--- HOW TO COMPLETE THIS TASK ---
Collect each line of the records containing the string "definition".

********

definition is_dsum :: "'i set \<Rightarrow> ('i \<Rightarrow> 'v::ab_group_add set) \<Rightarrow> bool" where
  "is_dsum I X \<longleftrightarrow>
     (\<forall>v. \<exists>F f. finite F \<and> F \<subseteq> I \<and> (\<forall>i\<in>F. f i \<in> X i) \<and> v = sum f F)
   \<and> (\<forall>F f. finite F \<and> F \<subseteq> I \<and> (\<forall>i\<in>F. f i \<in> X i) \<and> sum f F = 0 \<longrightarrow> (\<forall>i\<in>F. f i = 0))"

definition indecomposable :: "('a::ring_1 \<Rightarrow> 'v::ab_group_add \<Rightarrow> 'v) \<Rightarrow> bool" where
  "indecomposable act \<longleftrightarrow> (\<exists>v::'v. v \<noteq> 0) \<and>
     \<not> (\<exists>S T. is_submod act S \<and> is_submod act T \<and> S \<noteq> {0} \<and> T \<noteq> {0} \<and> S \<inter> T = {0}
            \<and> (\<forall>v. \<exists>s\<in>S. \<exists>t\<in>T. v = s + t))"

definition irreducible_mod :: "('a::ring_1 \<Rightarrow> 'v::ab_group_add \<Rightarrow> 'v) \<Rightarrow> bool" where
  "irreducible_mod act \<longleftrightarrow> (\<exists>v::'v. v \<noteq> 0) \<and> (\<forall>S. is_submod act S \<longrightarrow> S = {0} \<or> S = UNIV)"

end

theory Submission
  imports Defs
begin

text \<open>Everything rests on one fact: if some \<open>m \<in> \<W>(B)\<close> annihilates \<open>v\<close>, then
  \<open>A v \<subseteq> V(\<D>)\<close> for the upper set \<open>\<D> = {C. B \<prec> C}\<close>. This is proved by induction on
  \<open>m = m' n\<close> with \<open>n \<in> B\<close>. Since \<open>m'\<close> annihilates \<open>n v\<close>, induction gives \<open>(A n) v \<subseteq> V(\<D>)\<close>.
  Decomposing \<open>a \<in> A\<close> modulo \<open>A n\<close> into block components \<open>a\<^sub>C \<in> (A/A n)(C)\<close>, a component
  not in \<open>A n\<close> witnesses \<open>B \<prec> C\<close>, and some \<open>m'' \<in> \<W>(C)\<close> maps \<open>a\<^sub>C v\<close> into \<open>V(\<D>)\<close>.
  As \<open>V = V(\<D>) \<oplus> V(\<D>\<^sup>c)\<close> with both summands \<open>\<Gamma>\<close>-stable, the \<open>V(\<D>\<^sup>c)\<close>-part of
  \<open>a\<^sub>C v\<close> is annihilated by \<open>m''\<close>, so it lies in \<open>V(C) \<subseteq> V(\<D>)\<close> and vanishes.
  This gives (i); (ii)--(iv) follow because \<open>\<Delta>\<close>-classes, their complements and
  \<open>\<prec>\<close>-upper sets are \<open>\<prec>\<close>-closed.\<close>

lemma sum_lessThan_add:
  fixes f :: "nat \<Rightarrow> 'b::comm_monoid_add"
  shows "(\<Sum>i<n + k. f i) = (\<Sum>i<n. f i) + (\<Sum>i<k. f (n + i))"
  by (induction k) (simp_all add: add.assoc)

lemma two_sided_ideal_sum:
  fixes k :: nat
  assumes "two_sided_ideal G I" "\<forall>i<k. h i \<in> I"
  shows "(\<Sum>i<k. h i) \<in> I"
  using assms(2) by (induction k) (use assms(1) in \<open>simp_all add: two_sided_ideal_def\<close>)

lemma ideal_prod_memI:
  "u = (\<Sum>i<(n::nat). x i * y i) \<Longrightarrow> \<forall>i<n. x i \<in> I \<and> y i \<in> J \<Longrightarrow> u \<in> ideal_prod I J"
  unfolding ideal_prod_def by blast

lemma ideal_prod_memE:
  assumes "u \<in> ideal_prod I J"
  obtains n :: nat and x y where "u = (\<Sum>i<n. x i * y i)" "\<forall>i<n. x i \<in> I \<and> y i \<in> J"
  using assms unfolding ideal_prod_def by force

lemma mult_mem_ideal_prod: "x \<in> I \<Longrightarrow> y \<in> J \<Longrightarrow> x * y \<in> ideal_prod I J"
  by (rule ideal_prod_memI[where n = 1 and x = "\<lambda>_. x" and y = "\<lambda>_. y"]) simp_all

lemma ideal_prod_add:
  assumes "u \<in> ideal_prod I J" "w \<in> ideal_prod I J"
  shows "u + w \<in> ideal_prod I J"
proof -
  obtain x y and n :: nat where u: "u = (\<Sum>i<n. x i * y i)" "\<forall>i<n. x i \<in> I \<and> y i \<in> J"
    using assms(1) by (rule ideal_prod_memE)
  obtain x' y' and k :: nat where w: "w = (\<Sum>i<k. x' i * y' i)" "\<forall>i<k. x' i \<in> I \<and> y' i \<in> J"
    using assms(2) by (rule ideal_prod_memE)
  define X where "X i = (if i < n then x i else x' (i - n))" for i
  define Y where "Y i = (if i < n then y i else y' (i - n))" for i
  have "u + w = (\<Sum>i<n + k. X i * Y i)"
    unfolding sum_lessThan_add u w X_def Y_def by simp
  moreover have "\<forall>i<n + k. X i \<in> I \<and> Y i \<in> J"
    using u w unfolding X_def Y_def by auto
  ultimately show ?thesis by (rule ideal_prod_memI)
qed

lemma ideal_prod_subset_left:
  assumes "two_sided_ideal G I" "J \<subseteq> G"
  shows "ideal_prod I J \<subseteq> I"
proof
  fix u assume "u \<in> ideal_prod I J"
  then obtain x y and n :: nat where u: "u = (\<Sum>i<n. x i * y i)" "\<forall>i<n. x i \<in> I \<and> y i \<in> J"
    by (rule ideal_prod_memE)
  then have "\<forall>i<n. x i * y i \<in> I" using assms unfolding two_sided_ideal_def by blast
  then show "u \<in> I" unfolding u(1) by (rule two_sided_ideal_sum[OF assms(1)])
qed

lemma ideal_prod_subset_right:
  assumes "I \<subseteq> G" "two_sided_ideal G J"
  shows "ideal_prod I J \<subseteq> J"
proof
  fix u assume "u \<in> ideal_prod I J"
  then obtain x y and n :: nat where u: "u = (\<Sum>i<n. x i * y i)" "\<forall>i<n. x i \<in> I \<and> y i \<in> J"
    by (rule ideal_prod_memE)
  then have "\<forall>i<n. x i * y i \<in> J" using assms unfolding two_sided_ideal_def by blast
  then show "u \<in> J" unfolding u(1) by (rule two_sided_ideal_sum[OF assms(2)])
qed

lemma ideal_prod_mono_left: "I \<subseteq> I' \<Longrightarrow> ideal_prod I J \<subseteq> ideal_prod I' J"
  unfolding ideal_prod_def by blast

lemma ideal_prod_carrier_left:
  assumes "1 \<in> G" "two_sided_ideal G J"
  shows "ideal_prod G J = J"
proof
  show "ideal_prod G J \<subseteq> J"
    using assms(2) by (intro ideal_prod_subset_right) (auto simp: two_sided_ideal_def)
  show "J \<subseteq> ideal_prod G J"
    using mult_mem_ideal_prod[OF assms(1), of _ J] by auto
qed

lemma two_sided_ideal_ideal_prod:
  assumes I: "two_sided_ideal G I" and J: "two_sided_ideal G J"
  shows "two_sided_ideal G (ideal_prod I J)"
proof -
  have closed: "- u \<in> ideal_prod I J \<and> g * u \<in> ideal_prod I J \<and> u * g \<in> ideal_prod I J"
    if u_mem: "u \<in> ideal_prod I J" and g: "g \<in> G" for u g
  proof -
    obtain x y and n :: nat where u: "u = (\<Sum>i<n. x i * y i)" "\<forall>i<n. x i \<in> I \<and> y i \<in> J"
      using u_mem by (rule ideal_prod_memE)
    have "\<forall>i<n. - x i \<in> I \<and> g * x i \<in> I \<and> y i * g \<in> J"
      using u(2) I J g by (simp add: two_sided_ideal_def)
    then have "- u \<in> ideal_prod I J" "g * u \<in> ideal_prod I J" "u * g \<in> ideal_prod I J"
      using u(2)
      by (auto simp: u(1) sum_negf sum_distrib_left sum_distrib_right mult.assoc
          intro: ideal_prod_memI[where x = "\<lambda>i. - x i" and y = y and n = n]
          ideal_prod_memI[where x = "\<lambda>i. g * x i" and y = y and n = n]
          ideal_prod_memI[where x = x and y = "\<lambda>i. y i * g" and n = n])
    then show ?thesis by blast
  qed
  have "0 \<in> ideal_prod I J" by (rule ideal_prod_memI[where n = 0]) simp_all
  moreover have "ideal_prod I J \<subseteq> G"
    using ideal_prod_subset_left[OF I] I J by (auto simp: two_sided_ideal_def)
  ultimately show ?thesis
    unfolding two_sided_ideal_def using closed ideal_prod_add by blast
qed

lemma Wset_two_sided_ideal:
  assumes "two_sided_ideal G G" "\<forall>n\<in>B. two_sided_ideal G n" "m \<in> Wset G B"
  shows "two_sided_ideal G m"
  using assms(3) by induction (use assms two_sided_ideal_ideal_prod in auto)

lemma Wset_directed:
  assumes G: "two_sided_ideal G G" and B: "\<forall>n\<in>B. two_sided_ideal G n"
    and m1: "m1 \<in> Wset G B" and m2: "m2 \<in> Wset G B"
  shows "\<exists>m\<in>Wset G B. m \<subseteq> m1 \<and> m \<subseteq> m2"
  using m2
proof induction
  case W_unit
  then show ?case using m1 Wset_two_sided_ideal[OF G B m1] unfolding two_sided_ideal_def by blast
next
  case (W_mult m n)
  then obtain k where k: "k \<in> Wset G B" "k \<subseteq> m1" "k \<subseteq> m" by blast
  have "ideal_prod k n \<in> Wset G B" using k(1) W_mult(2) by (rule Wset.W_mult)
  moreover have "ideal_prod k n \<subseteq> k"
    using B W_mult(2) by (intro ideal_prod_subset_left[OF Wset_two_sided_ideal[OF G B k(1)]])
      (auto simp: two_sided_ideal_def)
  moreover have "ideal_prod k n \<subseteq> ideal_prod m n" using k(3) by (rule ideal_prod_mono_left)
  ultimately show ?case using k(2) by blast
qed

lemma subalg_one_mem: "is_kalg_hom sc \<Longrightarrow> subalg sc G \<Longrightarrow> 1 \<in> G"
  unfolding is_kalg_hom_def subalg_def by (metis range_subsetD)

lemma subalg_two_sided_ideal_self:
  assumes "is_kalg_hom sc" "subalg sc G"
  shows "two_sided_ideal G G"
proof -
  have "1 + - 1 \<in> G" using subalg_one_mem[OF assms] assms(2) unfolding subalg_def by blast
  then show ?thesis using assms(2) unfolding two_sided_ideal_def subalg_def by simp
qed

lemma prec_subset_blocks: "prec sc G R \<subseteq> blocks sc G R \<times> blocks sc G R"
proof -
  have "prec_base sc G R \<subseteq> blocks sc G R \<times> blocks sc G R" unfolding prec_base_def by blast
  then show ?thesis unfolding prec_def using trancl_subset_Sigma Id_on_subset_Times by blast
qed

lemma prec_refl: "B \<in> blocks sc G R \<Longrightarrow> (B, B) \<in> prec sc G R"
  unfolding prec_def by blast

lemma prec_base_subset_prec: "prec_base sc G R \<subseteq> prec sc G R"
  unfolding prec_def by auto

lemma prec_trans: "(B, C) \<in> prec sc G R \<Longrightarrow> (C, D) \<in> prec sc G R \<Longrightarrow> (B, D) \<in> prec sc G R"
  unfolding prec_def by (auto dest: trancl_trans)

lemma prec_subset_Delta: "prec sc G R \<subseteq> Delta sc G R"
  unfolding prec_def Delta_def using trancl_mono by blast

********

--- ANSWER TO THIS TASK ---
definition is_dsum :: "'i set \<Rightarrow> ('i \<Rightarrow> 'v::ab_group_add set) \<Rightarrow> bool" where
definition indecomposable :: "('a::ring_1 \<Rightarrow> 'v::ab_group_add \<Rightarrow> 'v) \<Rightarrow> bool" where
definition irreducible_mod :: "('a::ring_1 \<Rightarrow> 'v::ab_group_add \<Rightarrow> 'v) \<Rightarrow> bool" where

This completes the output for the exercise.